Senator Ringuette: Only 10 per cent of the act has been implemented so far.

Mr. Mitchell: Exactly. Over the next couple of years, the departments will begin to implement and give these authorities to managers below the deputy minister and ADM levels. I think that parliamentarians should follow closely to see whether the deputies have the necessary accountability mechanisms in place to track what is being done under that authority. If the parliamentarians are not satisfied with the job then they should call them in and ask them what is being done and what systems are in place. You can do all of that. You are putting them on notice that you are interested. The National Finance Committee followed this bill. You want to see that the proper accountability measures are in place within the system. I encourage you to do that. It is a very good thing to do. It will take a year or two before you have much to report back on. It is still being implemented.

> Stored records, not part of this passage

(* Let $k\in\mathbb{N}$ with $\gcd(k,6)=1$, let $h$ be an integer with $\gcd(h,k)=1$, and let $h'$ be an integer with $hh'\equiv-1\pmod{k}$ and $6\mid h'$. Then $$\frac{\omega_{6h,k}\,\omega_{2h,k}\,\omega_{h,k}}{\omega_{3h,k}}=\exp\!\left(- \frac{2\pi i}{36k} \left(-9k+9k^2+h (-9+9k^2) + h'(2-2k^2) \right)\right)$$ and $$\frac{\omega_{3h,k}\,\omega_{2h,k}\,\omega_{h,k}}{\omega_{6h,k}^3} =\exp\!\left(\frac{2\pi i}{18k} \left(9h ( k^2-1) + h'(k^2-1) \right)\right).$$
   Context: For coprime integers $h$ and $K\ge1$, $\omega_{h,K}=\exp(\pi i\, s(h,K))$, where $s(h,K)=\sum_{r=1}^{K-1}\frac{r}{K}\left(\frac{hr}{K}-\lfloor \frac{hr}{K}\rfloor-\frac12\right)$ is the Dedekind sum (the multiplier of the Dedekind eta function). *)

theory Defs
  imports "HOL-Analysis.Analysis" "HOL-Number_Theory.Cong"
begin

definition dedekind_sum :: "int \<Rightarrow> int \<Rightarrow> real" where
  "dedekind_sum h K = (\<Sum>r\<in>{1..K-1}.
     (of_int r / of_int K) * (of_int (h*r) / of_int K - of_int \<lfloor>of_int (h*r) / (of_int K :: real)\<rfloor> - 1/2))"

definition omega :: "int \<Rightarrow> int \<Rightarrow> complex" where
  "omega h K = exp (complex_of_real pi * \<i> * complex_of_real (dedekind_sum h K))"

end

theory Submission
  imports Defs "HOL-Number_Theory.Modular_Inverse"
begin

(*
  Write s(a,K) = A(a)/K^2 - (K-1)/4 with the integer A(a) = sum_{r=1}^{K-1} r (a r mod K).
  Each identity then says that a certain integer combination T of A(h), A(2h), A(3h), A(6h)
  is divisible by 36 K^2 (resp. 18 K^2), i.e. that the two exponents differ by an even integer.
  Divisibility by K^2 comes from the congruence 12 A(a) = K (a - a') (mod K^2) for
  a a' = -1 (mod K), applied to the pairs (c h, h'/c) for c dividing 6.  Divisibility by 36
  (resp. 18) comes from K^2 = 1 (mod 24) together with A(a) + A(2a) = A(b) + A(2b) (mod 2),
  which follows from the symmetry r -> K - r.
*)

definition dedekind_sum_num :: "int \<Rightarrow> int \<Rightarrow> int" where
  "dedekind_sum_num a K = (\<Sum>r\<in>{1..<K}. r * (a * r mod K))"

lemma double_sum_Ico_int:
  fixes K :: int assumes "1 \<le> K"
  shows "2 * (\<Sum>r\<in>{1..<K}. r) = (K - 1) * K"
  using assms
proof (induction K rule: int_ge_induct)
  case (step i)
  have "{1..<i + 1} = insert i {1..<i}" using step.hyps by auto
  then show ?case using step.IH by (simp add: algebra_simps)
qed simp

The Chairman: Mr. Mitchell, you said that one of the important things we should look is to ensure that we have good staff resources. Our good staff from the Library of Parliament, upon whom you commented, has prepared a question for you two.

The question is this: Both Mr. Kroeger and Mr. Mitchell are reluctant to endorse the British model. Could you explain to the committee your views on the accounting officer model and detail the major weaknesses of the British approach?

Second, are you aware that this arrangement has ever diminished the accountability of ministers or impeded them in the exercise of their responsibilities?

Mr. Kroeger: In the 18th century, Dr. Samuel Johnson received a manuscript from an earnest young author. He read it and sent it back saying, "Your manuscript includes ideas that are both original and good. Unfortunately, the good ideas are not original and the original ideas are not good."

When I look at the British accounting officer system, there are some elements that are not new; and the elements that are not new are not good. The elements that are not new deal with this business of whether officials give an accounting in front of parliamentary committees. Professors who write about this seem to think that deputy ministers never appear before parliamentary committees. They do it all the time.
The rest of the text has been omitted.